I have a rather complex game, whose expected value I need to find. Given is a binary random value with probability for success p (lets say an unfair coin with probability of landing heads p and tails 1-p, p<<0,5) The rules of the games are the following: you start by betting 1 euro, a multiplier = 1 and 15 tosses. Each time you land heads (less likely option) you receive 15 more tosses (added to the remaining one you have) and your multiplier increases by 1. Landing tails doesn't give you anything, you've just lost one toss. Your multiplier can grow up to 5, and each time you land a head after achieving a multiplier of 5 adds new 15 tosses, but does not increase the multiplier further. I am seeking for the expected multiplier of the game.

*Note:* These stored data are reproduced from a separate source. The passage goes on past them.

(* Let $D$ be a CAEXT derivation ending in a configuration $C\neq\mathsf{unsat}$. Then in $C$, for all array terms $a$ and constant array terms $\langle v\rangle$: if $\pi(a,\langle v\rangle)\neq()$, then the formula $$\mathcal R(a,\langle v\rangle)\Rightarrow \forall i{:}\sigma.\ \Big(\bigvee_{k\in I(a,\langle v\rangle)} i\approx k\Big)\vee a[i]\approx v$$ is valid in the theory of extensional constant arrays.
   Context: Theory. Many-sorted first-order logic with equality. There is an index sort $\sigma$, an element sort $\tau$, and an array sort $(\sigma\to\tau)$, with function symbols: read $a[i]$, write $a\langle i\triangleleft u\rangle$, and constant array $\langle v\rangle$. The theory of extensional constant arrays consists of all interpretations satisfying: (row-eq) $\forall a,i,j,u.\ i\approx j\Rightarrow a\langle i\triangleleft u\rangle[j]\approx u$; (row-ne) $\forall a,i,j,u.\ i\not\approx j\Rightarrow a\langle i\triangleleft u\rangle[j]\approx a[j]$; (ext) $\forall a,b.\ a\approx b\Leftrightarrow \forall i.\ a[i]\approx b[i]$; (roc) $\forall i,v.\ \langle v\rangle[i]\approx v$. The empty theory treats all these symbols (and the array sort) as uninterpreted. $T(A)$ is the set of terms occurring in $A$, $T_{\mathcal A}(A)$ the set of array terms in $A$, and $W(A)=\{a\langle i\triangleleft u\rangle[i]\approx u \mid a\langle i\triangleleft u\rangle\in T(A)\}$. Configurations. A configuration is either $\mathsf{unsat}$ or a triple $\langle A,\mathcal I,\pi\rangle$ where $A$ is a set of formulas (with flat literals), $\mathcal I$ is either $\mathcal I_0=\mathsf{none}$ or an interpretation in the empty theory satisfying $A$, and $\pi$ maps pairs $(a,t)$ ($a$ an array term, $t$ a read term $b[i]$ or a constant array term $\langle v\rangle$) to either the undefined value $()$ or a pair $(r,c)$ with $r$ a formula and $c$ an array term. $\pi_0$ maps every pair to $()$; the initial configuration for $A$ is $\langle A,\mathcal I_0,\pi_0\rangle$. Reasons. $\mathcal R(a,t)=()$ if $\pi(a,t)=()$; otherwise $\mathcal R(a,t)=\top$ if $t=a$ or $t=a[i]$ for some $i$; otherwise $\mathcal R(a,t)=\mathcal R(c,t)\wedge r$ where $\pi(a,t)=(r,c)$. Updated indices $I(a,\langle v\rangle)$: $()$ if $\pi(a,\langle v\rangle)=()$; $\emptyset$ if $a=\langle v\rangle$; $I(b,\langle v\rangle)\cup\{j\}$ if $\pi(a,\langle v\rangle)=(\top,b)$ with $b=a\langle j\triangleleft u\rangle$ or $a=b\langle j\triangleleft u\rangle$; otherwise $I(c,\langle v\rangle)$ where $\pi(a,\langle v\rangle)=(r,c)$. "$\mathcal I\models\varphi$" refers to the current $\mathcal I$ (empty theory); such premises require $\mathcal I\ne\mathcal I_0$. "Reset" means $(\mathcal I,\pi):=(\mathcal I_0,\pi_0)$. Rules of CAEXT: Interp: if $\mathcal I=\mathcal I_0$ and $\mathcal I'\models A\cup W(A)$ in the empty theory, set $\mathcal I:=\mathcal I'$. Conf: if $A\cup W(A)$ is empty-theory unsatisfiable, derive $\mathsf{unsat}$. InitR: $a[i]\in T(A)$ ⟹ $\pi(a,a[i]):=(\top,a)$. InitW: $s=a\langle i\triangleleft u\rangle\in T(A)$ ⟹ $\pi(s,s[i]):=(\top,s)$. RowD: $\mathcal I\models i\not\approx j$, $\pi(a\langle j\triangleleft u\rangle,b[i])\ne()$, $\pi(a,b[i])=()$ ⟹ $\pi(a,b[i]):=(i\not\approx j,a\langle j\triangleleft u\rangle)$. RowU: $\mathcal I\models i\not\approx j$, $a\langle j\triangleleft u\rangle\in T(A)$, $\pi(a,b[i])\ne()$, $\pi(a\langle j\triangleleft u\rangle,b[i])=()$ ⟹ $\pi(a\langle j\triangleleft u\rangle,b[i]):=(i\not\approx j,a)$. EqR: $\mathcal I\models a\approx c$, $a,c\in T_{\mathcal A}(A)$, $a\approx c\in T(A)$, $\pi(a,b[i])\ne()$, $\pi(c,b[i])=()$ ⟹ $\pi(c,b[i]):=(a\approx c,a)$. EqL: symmetric, $\pi(a,b[i]):=(a\approx c,c)$. CongR: $\mathcal I\models i\approx k$, $\pi(a,b[i])\ne()$, $\pi(a,c[k])\ne()$, $\mathcal I\models b[i]\not\approx c[k]$ ⟹ add $\mathcal R(a,b[i])\wedge\mathcal R(a,c[k])\wedge i\approx k\Rightarrow b[i]\approx c[k]$ to $A$, reset. DisEq: $\mathcal I\models a\not\approx c$, $a,c\in T_{\mathcal A}(A)$, $a\approx c\in T(A)$, $k_{\{a,c\}}\notin T(A)$ ⟹ add $a\not\approx c\Rightarrow a[k_{\{a,c\}}]\not\approx c[k_{\{a,c\}}]$ (fresh index constant $k_{\{a,c\}}$), reset. Roc: $\pi(\langle v\rangle,b[i])\ne()$, $\mathcal I\models b[i]\not\approx v$ ⟹ add $\mathcal R(\langle v\rangle,b[i])\Rightarrow b[i]\approx v$, reset. InitC: $\langle v\rangle\in T(A)$ ⟹ $\pi(\langle v\rangle,\langle v\rangle):=(\top,\langle v\rangle)$. CowD: $\pi(a\langle j\triangleleft u\rangle,\langle v\rangle)\ne()$, $\pi(a,\langle v\rangle)=()$, $\mathcal I\models\exists i{:}\sigma.\bigwedge_{k\in I(a\langle j\triangleleft u\rangle,\langle v\rangle)\cup\{j\}}i\not\approx k$ ⟹ $\pi(a,\langle v\rangle):=(\top,a\langle j\triangleleft u\rangle)$. CowU: $\pi(a,\langle v\rangle)\ne()$, $\pi(a\langle j\triangleleft u\rangle,\langle v\rangle)=()$, $a\langle j\triangleleft u\rangle\in T(A)$, $\mathcal I\models\exists i{:}\sigma.\bigwedge_{k\in I(a,\langle v\rangle)\cup\{j\}}i\not\approx k$ ⟹ $\pi(a\langle j\triangleleft u\rangle,\langle v\rangle):=(\top,a)$. CEqR: $\mathcal I\models a\approx c$, $a,c\in T_{\mathcal A}(A)$, $a\approx c\in T(A)$, $\pi(a,\langle v\rangle)\ne()$, $\pi(c,\langle v\rangle)=()$ ⟹ $\pi(c,\langle v\rangle):=(a\approx c,a)$. CEqL: symmetric, $\pi(a,\langle v\rangle):=(a\approx c,c)$. CongC: $\pi(a,\langle v\rangle)\ne()$, $\pi(a,\langle w\rangle)\ne()$, $\mathcal I\models v\not\approx w$, $\mathcal I\models\exists i{:}\sigma.\bigwedge_{k\in I(a,\langle v\rangle)\cup I(a,\langle w\rangle)}i\not\approx k$ ⟹ add $\mathcal R(a,\langle v\rangle)\wedge\mathcal R(a,\langle w\rangle)\wedge\exists i{:}\sigma.\bigwedge_{k\in I(a,\langle v\rangle)\cup I(a,\langle w\rangle)}i\not\approx k\Rightarrow v\approx w$, reset. Conflict rules: CongR, DisEq, Roc, CongC. A derivation is a sequence of configurations starting from an initial configuration, each obtained from the previous by a rule application. *)

theory Defs
  imports Main
begin

text \<open>Index terms are index constants: named constants and the fresh constants k_{a,c}
  introduced by DisEq. Array terms are constants,
  writes a<i <| u>, or constant arrays <v>.\<close>

datatype itrm = IC string | IK atrm atrm
and etrm = EC string | Rd atrm itrm
and atrm = AC string | Wr atrm itrm etrm | K etrm

datatype trm = TI itrm | TE etrm | TA atrm

text \<open>Formulas. ExAvoid S denotes the formula  EX i:sigma. AND_{k in S} i ~= k
  (the only quantified formulas used by the calculus).\<close>

datatype fm = FTrue | FFalse
  | EqI itrm itrm | EqE etrm etrm | EqA atrm atrm
  | FNot fm | FAnd fm fm | FOr fm fm | FImp fm fm
  | ExAvoid "itrm set"

record ('i,'e,'a) interp =
  iconst :: "string \<Rightarrow> 'i"
  kconst :: "atrm \<Rightarrow> atrm \<Rightarrow> 'i"
  econst :: "string \<Rightarrow> 'e"
  aconst :: "string \<Rightarrow> 'a"
  rdf :: "'a \<Rightarrow> 'i \<Rightarrow> 'e"
  wrf :: "'a \<Rightarrow> 'i \<Rightarrow> 'e \<Rightarrow> 'a"
  kf :: "'e \<Rightarrow> 'a"

primrec evI :: "('i,'e,'a,'z) interp_scheme \<Rightarrow> itrm \<Rightarrow> 'i"
  and evE :: "('i,'e,'a,'z) interp_scheme \<Rightarrow> etrm \<Rightarrow> 'e"
  and evA :: "('i,'e,'a,'z) interp_scheme \<Rightarrow> atrm \<Rightarrow> 'a" where
  "evI M (IC x) = iconst M x"
| "evI M (IK a c) = kconst M a c"
| "evE M (EC x) = econst M x"
| "evE M (Rd a i) = rdf M (evA M a) (evI M i)"
| "evA M (AC x) = aconst M x"
| "evA M (Wr a i u) = wrf M (evA M a) (evI M i) (evE M u)"
| "evA M (K v) = kf M (evE M v)"

primrec sat :: "('i,'e,'a,'z) interp_scheme \<Rightarrow> fm \<Rightarrow> bool" where
  "sat M FTrue = True"
| "sat M FFalse = False"
| "sat M (EqI s t) = (evI M s = evI M t)"
| "sat M (EqE s t) = (evE M s = evE M t)"
| "sat M (EqA s t) = (evA M s = evA M t)"
| "sat M (FNot \<phi>) = (\<not> sat M \<phi>)"
| "sat M (FAnd \<phi> \<psi>) = (sat M \<phi> \<and> sat M \<psi>)"
| "sat M (FOr \<phi> \<psi>) = (sat M \<phi> \<or> sat M \<psi>)"
| "sat M (FImp \<phi> \<psi>) = (sat M \<phi> \<longrightarrow> sat M \<psi>)"
| "sat M (ExAvoid S) = (\<exists>d. \<forall>k\<in>S. d \<noteq> evI M k)"

text \<open>Models of the theory of extensional constant arrays (axioms row-eq, row-ne, ext, roc).
  Interpretations of the empty theory are arbitrary interpretations.\<close>

definition ext_const_array_model :: "('i,'e,'a) interp \<Rightarrow> bool" where
  "ext_const_array_model M \<longleftrightarrow>
     (\<forall>a i j u. i = j \<longrightarrow> rdf M (wrf M a i u) j = u)
   \<and> (\<forall>a i j u. i \<noteq> j \<longrightarrow> rdf M (wrf M a i u) j = rdf M a j)
   \<and> (\<forall>a b. a = b \<longleftrightarrow> (\<forall>i. rdf M a i = rdf M b i))
   \<and> (\<forall>i v. rdf M (kf M v) i = v)"

primrec subI :: "itrm \<Rightarrow> trm set"
  and subE :: "etrm \<Rightarrow> trm set"
  and subA :: "atrm \<Rightarrow> trm set" where
  "subI (IC x) = {TI (IC x)}"
| "subI (IK a c) = {TI (IK a c)}"
| "subE (EC x) = {TE (EC x)}"
| "subE (Rd a i) = {TE (Rd a i)} \<union> subA a \<union> subI i"
| "subA (AC x) = {TA (AC x)}"
| "subA (Wr a i u) = {TA (Wr a i u)} \<union> subA a \<union> subI i \<union> subE u"
| "subA (K v) = {TA (K v)} \<union> subE v"

primrec trms :: "fm \<Rightarrow> trm set" where
  "trms FTrue = {}"
| "trms FFalse = {}"
| "trms (EqI s t) = subI s \<union> subI t"
| "trms (EqE s t) = subE s \<union> subE t"
| "trms (EqA s t) = subA s \<union> subA t"
| "trms (FNot \<phi>) = trms \<phi>"
| "trms (FAnd \<phi> \<psi>) = trms \<phi> \<union> trms \<psi>"
| "trms (FOr \<phi> \<psi>) = trms \<phi> \<union> trms \<psi>"
| "trms (FImp \<phi> \<psi>) = trms \<phi> \<union> trms \<psi>"
| "trms (ExAvoid S) = (\<Union>k\<in>S. subI k)"

primrec atms :: "fm \<Rightarrow> fm set" where
  "atms FTrue = {}"
| "atms FFalse = {}"
| "atms (EqI s t) = {EqI s t}"
| "atms (EqE s t) = {EqE s t}"
| "atms (EqA s t) = {EqA s t}"
| "atms (FNot \<phi>) = atms \<phi>"
| "atms (FAnd \<phi> \<psi>) = atms \<phi> \<union> atms \<psi>"
| "atms (FOr \<phi> \<psi>) = atms \<phi> \<union> atms \<psi>"
| "atms (FImp \<phi> \<psi>) = atms \<phi> \<union> atms \<psi>"
| "atms (ExAvoid S) = {}"

definition T :: "fm set \<Rightarrow> trm set" where
  "T A = (\<Union>\<phi>\<in>A. trms \<phi>)"

definition W :: "fm set \<Rightarrow> fm set" where
  "W A = {EqE (Rd (Wr a i u) i) u | a i u. TA (Wr a i u) \<in> T A}"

I started by building a Markov Chain table A[i,j] for the probability of spin j to have multiplier i: A[1,1] = 1, A[1,2] = 1-p, A[2,2] = p, A[1,3] = (1-p)*(1-p), etc... We have 15 initial spins then each A[i, 15+i] = 0. But I am still stuck of deriving the Avg MP from the table. Any help will be much appreciated!
Thanks!
EDIT: I forgot to say, at each toss you win your bet x Multiplier, so actually, I am looking for the EV of the game, but I think it can be presented as finding the average MP of the game and the average number of tosses, so in the end the EV should be their product. I know how to find the Avg number of tosses, and my main issue is the AVG MP.